[What needs to be done] Reproduce the lines below exactly, starting at the one containing "using assms 3" and stopping at the final line.

[Listed records]
====================
(* Let $(X_k)_{k=1}^K$ be identically distributed random variables with a continuous CDF $F_X$ and tail quantile function $\bar q_X$, forming an $m$-dependent sequence ($m$ fixed). Let $(M_K)$ be positive integers with $M_K/K\to0$ and $M_K\ge(m+1)(e+\varepsilon)\ln K$ for some $\varepsilon>0$. Define $\mathcal M_K=\{k:\,X_k\ge X_{(K-M_K+1)}\}$ and let $\mathcal E\subseteq\{1,\dots,K\}$ with $E=|\mathcal E|$. Then there is $K_0$ such that for all $K>K_0$: \[ \Pr\Big(X_{(K-M_K+1)}>\bar q_X\big(\tfrac{M_K}{e(K+m+1)}\big)\Big)\le\frac{m+1}{K^{1+\varepsilon/3}} \] and \[ \Pr(\mathcal M_K\cap\mathcal E=\emptyset)\le(m+1)\exp\!\Big(-\frac{M_K}{e(m+1)}\cdot\frac{1-\frac{m+1}{K}}{1+\frac{m+1}{K}}\Big)+\Big(1-\frac{M_K}{e(K+m+1)}\Big)^{E/(m+1)}. \]
   Context: $X_{(j)}$ denotes the $j$-th smallest of $X_1,\dots,X_K$. A sequence $(X_k)$ is $m$-dependent if for every $s$ the families $(X_k)_{k\le s}$ and $(X_k)_{k>s+m}$ are independent. Tail quantile function: $\bar q_X(p)=\min\{x:\,F_X(x)\ge1-p\}$. *)

theory Defs
  imports "HOL-Probability.Probability"
begin

definition ord_stat :: "(nat \<Rightarrow> real) \<Rightarrow> nat \<Rightarrow> nat \<Rightarrow> real" where
  "ord_stat x K j = sort (map x [1..<Suc K]) ! (j - 1)"
fun kernel_diff :: "bool \<Rightarrow> kernel_term \<Rightarrow> kernel_term" where
  "kernel_diff d (KConst a) = KConst 0"
| "kernel_diff d (KCoord d') = KConst (if d = d' then 1 else 0)"
| "kernel_diff d KInv = KMult (KConst (-1)) (KMult (KCoord d) (KMult KInv (KMult KInv KInv)))"
| "kernel_diff d (KAdd e e') = KAdd (kernel_diff d e) (kernel_diff d e')"
| "kernel_diff d (KMult e e') = KAdd (KMult (kernel_diff d e) e') (KMult e (kernel_diff d e'))"

lemma has_derivative_inverse_dist:
  assumes "p \<noteq> q"
  shows "((\<lambda>p. 1 / dist p q) has_derivative
    (\<lambda>h. - (fst h * (fst p - fst q) + snd h * (snd p - snd q)) / dist p q ^ 3)) (at p)"
proof -
  have n: "norm (p - q) \<noteq> 0" using assms by simp
  have "((\<lambda>p. inverse (norm (p - q))) has_derivative
      (\<lambda>h. - (inverse (norm (p - q)) * (h \<bullet> sgn (p - q)) * inverse (norm (p - q))))) (at p)"
    using assms
    by (auto intro!: derivative_eq_intros
        has_derivative_norm[THEN has_derivative_compose[of _ _ _ _ norm, rotated]] simp: n)
  moreover have "(\<lambda>h. - (inverse (norm (p - q)) * (h \<bullet> sgn (p - q)) * inverse (norm (p - q))))
      = (\<lambda>h. - (fst h * (fst p - fst q) + snd h * (snd p - snd q)) / dist p q ^ 3)"
    using n by (auto simp: fun_eq_iff sgn_div_norm inner_prod_def dist_norm power3_eq_cube field_simps)
  ultimately show ?thesis by (simp add: dist_norm divide_inverse)
qed

lemma has_derivative_kernel_eval:
  assumes "p \<noteq> q"
  shows "((\<lambda>p. kernel_eval e p q) has_derivative (\<lambda>h. fst h * kernel_eval (kernel_diff True e) p q
    + snd h * kernel_eval (kernel_diff False e) p q)) (at p)"
proof (induction e)
  case (KCoord d)
  then show ?case by (cases d) (auto simp: coord_def intro!: derivative_eq_intros)
next
  case KInv
  have "dist p q \<noteq> 0" using assms by simp
  show ?case
    unfolding kernel_eval.simps(3)
    by (rule has_derivative_eq_rhs[OF has_derivative_inverse_dist[OF assms]])
       (use \<open>dist p q \<noteq> 0\<close> in \<open>auto simp: fun_eq_iff coord_def power3_eq_cube field_simps\<close>)
qed (auto simp: algebra_simps intro!: derivative_eq_intros)
(* In the 1-sided False Positive regime, when the realized subgraph may contain cycles, any algorithm requires $\Omega(m\log m)$ queries in the worst case (over moldgraphs with $m$ edges and such realized subgraphs) to discover a realized spanning tree with constant failure probability.
   Context: Problem (graph connectivity with noisy queries): a graph $G=(V,E)$ (possibly with parallel edges), the moldgraph, with $m$ edges is given. An adversary selects an arbitrary connected spanning subgraph of $G$ to be realized. The algorithm may query an oracle on any edge $e$ (``Is $e$ realized?''), receiving ``Yes''/``No''; each query costs $1$; answers to distinct queries (including repeated queries of the same edge) are independent. Goal: output a spanning tree of $G$ all of whose edges are realized. In the 1-sided False Positive regime: for a realized edge the answer is always ``Yes''; for a non-realized edge the answer is ``Yes'' with a constant probability $p<1/2$ and ``No'' with probability $1-p$. *)

theory Defs
  imports "HOL-Probability.Probability"
begin

text \<open>A multigraph: finite vertex set V, finite edge set E (edge identifiers, so
parallel edges are allowed), each edge has a two-element set of endpoints.\<close>
definition multigraph :: "'v set \<Rightarrow> 'e set \<Rightarrow> ('e \<Rightarrow> 'v set) \<Rightarrow> bool" where
  "multigraph V E ends \<longleftrightarrow> finite V \<and> finite E \<and>
     (\<forall>e\<in>E. ends e \<subseteq> V \<and> card (ends e) = 2)"

inductive reach :: "('e \<Rightarrow> 'v set) \<Rightarrow> 'e set \<Rightarrow> 'v \<Rightarrow> 'v \<Rightarrow> bool"
  for ends F where
  refl: "reach ends F u u"
| step: "reach ends F u v \<Longrightarrow> e \<in> F \<Longrightarrow> ends e = {v, w} \<Longrightarrow> reach ends F u w"

definition conn_spanning :: "'v set \<Rightarrow> 'e set \<Rightarrow> ('e \<Rightarrow> 'v set) \<Rightarrow> 'e set \<Rightarrow> bool" where
  "conn_spanning V E ends F \<longleftrightarrow> F \<subseteq> E \<and> (\<forall>u\<in>V. \<forall>v\<in>V. reach ends F u v)"

definition spanning_tree :: "'v set \<Rightarrow> 'e set \<Rightarrow> ('e \<Rightarrow> 'v set) \<Rightarrow> 'e set \<Rightarrow> bool" where
  "spanning_tree V E ends T \<longleftrightarrow> conn_spanning V E ends T \<and>
     (\<forall>e\<in>T. \<forall>u v. ends e = {u, v} \<longrightarrow> \<not> reach ends (T - {e}) u v)"

text \<open>Deterministic adaptive query algorithm (decision tree): either output an
edge set, or query an edge and continue in the Yes-branch or the No-branch.\<close>
datatype 'e qtree = Output "'e set" | Ask 'e "'e qtree" "'e qtree"

fun depth :: "'e qtree \<Rightarrow> nat" where
  "depth (Output S) = 0"
| "depth (Ask e t f) = Suc (max (depth t) (depth f))"

text \<open>Execution against realized edge set H in the 1-sided false positive regime:
realized edges always answer Yes; non-realized edges answer Yes with probability p,
independently for every query (fresh coin at every query node).\<close>
fun run :: "real \<Rightarrow> 'e set \<Rightarrow> 'e qtree \<Rightarrow> 'e set pmf" where
  "run p H (Output S) = return_pmf S"
| "run p H (Ask e t f) =
     (if e \<in> H then run p H t
      else bind_pmf (bernoulli_pmf p) (\<lambda>b. if b then run p H t else run p H f))"

text \<open>A randomized algorithm is a probability distribution over decision trees.
Its success probability on realized subgraph H: output is a spanning tree of
the moldgraph all of whose edges are realized.\<close>
definition success_prob ::
  "real \<Rightarrow> 'v set \<Rightarrow> 'e set \<Rightarrow> ('e \<Rightarrow> 'v set) \<Rightarrow> 'e qtree pmf \<Rightarrow> 'e set \<Rightarrow> real" where
  "success_prob p V E ends A H =
     measure_pmf.prob (bind_pmf A (run p H)) {T. spanning_tree V E ends T \<and> T \<subseteq> H}"

end

theory Submission
  imports Defs
begin

(* Hard instances: a path whose n = m div 2 consecutive vertex pairs are each joined by two
   parallel edges. The adversary removes at most one edge of every pair, which gives 3^n
   connected realizations, and a correct output has to contain a realized edge of every pair.
   Averaging over these instances, it suffices to bound a single decision tree. Give the three
   states of pair i weights f = (f0, f1, f2) and the potential
     Phi f = f0 + f1 + f2 - f0 * min (ell (f1 / f0)) (ell (f2 / f0)),  ell u = max 0 (theta * ln (u / theta)).
   At a leaf, the weight of the instances on which the output is correct is at most the product
   of the potentials. A query to an edge of pair i splits the weights between the Yes- and the
   No-branch, and since a missing edge still answers Yes with probability p, the two new
   potentials add up to at most exp (theta * ln (1/p)) times the old one. Unit weights have
   Phi = 3 - theta * ln (1/theta), and theta = 1 / (n * ln (1/p)) forces a depth of order
   n * ln n / ln (1/p). *)

section \<open>A potential for one pair of parallel edges\<close>

definition ell :: "real \<Rightarrow> real \<Rightarrow> real" where
  "ell \<theta> u = (if u \<le> \<theta> then 0 else \<theta> * ln (u / \<theta>))"

(* f s is a weight on state s of a pair of parallel edges 2i, 2i+1: state 0 means
   both edges are realized, state Suc j that edge 2i + j is not. *)
definition pair_potential :: "real \<Rightarrow> (nat \<Rightarrow> real) \<Rightarrow> real" where
  "pair_potential \<theta> f = f 0 + f 1 + f 2 -
     (if 0 < f 0 then f 0 * min (ell \<theta> (f 1 / f 0)) (ell \<theta> (f 2 / f 0)) else 0)"

lemma ell_nonneg: "0 < \<theta> \<Longrightarrow> 0 \<le> ell \<theta> u"
  by (simp add: ell_def)

lemma ell_le:
  assumes "0 < \<theta>" "0 \<le> u"
  shows "ell \<theta> u \<le> u"
proof (cases "u \<le> \<theta>")
  case False
  then have "\<theta> * ln (u / \<theta>) \<le> \<theta> * (u / \<theta> - 1)"
    using assms by (intro mult_left_mono ln_le_minus_one) auto
  also have "\<dots> = u - \<theta>"
    using assms by (simp add: field_simps)
  finally show ?thesis
    using False assms by (simp add: ell_def)
qed (use assms in \<open>simp add: ell_def\<close>)

lemma ell_le_ell_mult:
  assumes "0 < \<theta>" "0 < p" "p < 1" "0 \<le> u"
  shows "ell \<theta> u \<le> ell \<theta> (p * u) + \<theta> * ln (1 / p)"
proof -
  have ln_p: "0 < ln (1 / p)"
    using assms by simp
  consider "u \<le> \<theta>" | "p * u \<le> \<theta>" "\<theta> < u" | "\<theta> < p * u"
    by linarith
  then show ?thesis
  proof cases
    case 1
    then show ?thesis
      using assms ln_p ell_nonneg[of \<theta> "p * u"] by (simp add: ell_def)
  next
    case 2
    then have "u / \<theta> \<le> 1 / p"
      using assms by (simp add: field_simps)
    then have "\<theta> * ln (u / \<theta>) \<le> \<theta> * ln (1 / p)"
      using assms 2 by (intro mult_left_mono) auto
    then show ?thesis
      using 2 assms by (simp add: ell_def)
  next
    case 3
    then have "\<theta> < u"
      using mult_left_le_one_le[of u p] assms by linarith
    moreover have "ln (u / \<theta>) = ln (p * u / \<theta>) + ln (1 / p)"
      using assms 3 by (simp flip: ln_mult_pos)
    ultimately show ?thesis
      using 3 by (simp add: ell_def algebra_simps)
  qed
qed

lemma pair_potential_ge:
  assumes "0 < \<theta>" and f: "\<And>s. 0 \<le> f s"
  shows "f 0 + f 1 \<le> pair_potential \<theta> f" "f 0 + f 2 \<le> pair_potential \<theta> f"
proof -
  have "f 0 * min (ell \<theta> (f 1 / f 0)) (ell \<theta> (f 2 / f 0)) \<le> min (f 1) (f 2)" if "0 < f 0"
  proof -
    have "f 0 * ell \<theta> (f k / f 0) \<le> f k" for k
      using mult_left_mono[OF ell_le[OF \<open>0 < \<theta>\<close>, of "f k / f 0"], of "f 0"] f that by simp
    then show ?thesis
      using that by (simp add: min_mult_distrib_left min.coboundedI1 min.coboundedI2)
  qed
  then show "f 0 + f 1 \<le> pair_potential \<theta> f" "f 0 + f 2 \<le> pair_potential \<theta> f"
    using f[of 1] f[of 2] by (auto simp: pair_potential_def)
qed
====================
[Worked solution]
      using assms 3 by (simp flip: ln_mult_pos)
    ultimately show ?thesis
      using 3 by (simp add: ell_def algebra_simps)
  qed
qed

lemma pair_potential_ge:
  assumes "0 < \<theta>" and f: "\<And>s. 0 \<le> f s"
  shows "f 0 + f 1 \<le> pair_potential \<theta> f" "f 0 + f 2 \<le> pair_potential \<theta> f"
proof -
  have "f 0 * min (ell \<theta> (f 1 / f 0)) (ell \<theta> (f 2 / f 0)) \<le> min (f 1) (f 2)" if "0 < f 0"
  proof -
    have "f 0 * ell \<theta> (f k / f 0) \<le> f k" for k
      using mult_left_mono[OF ell_le[OF \<open>0 < \<theta>\<close>, of "f k / f 0"], of "f 0"] f that by simp
    then show ?thesis
      using that by (simp add: min_mult_distrib_left min.coboundedI1 min.coboundedI2)
  qed
  then show "f 0 + f 1 \<le> pair_potential \<theta> f" "f 0 + f 2 \<le> pair_potential \<theta> f"
    using f[of 1] f[of 2] by (auto simp: pair_potential_def)
qed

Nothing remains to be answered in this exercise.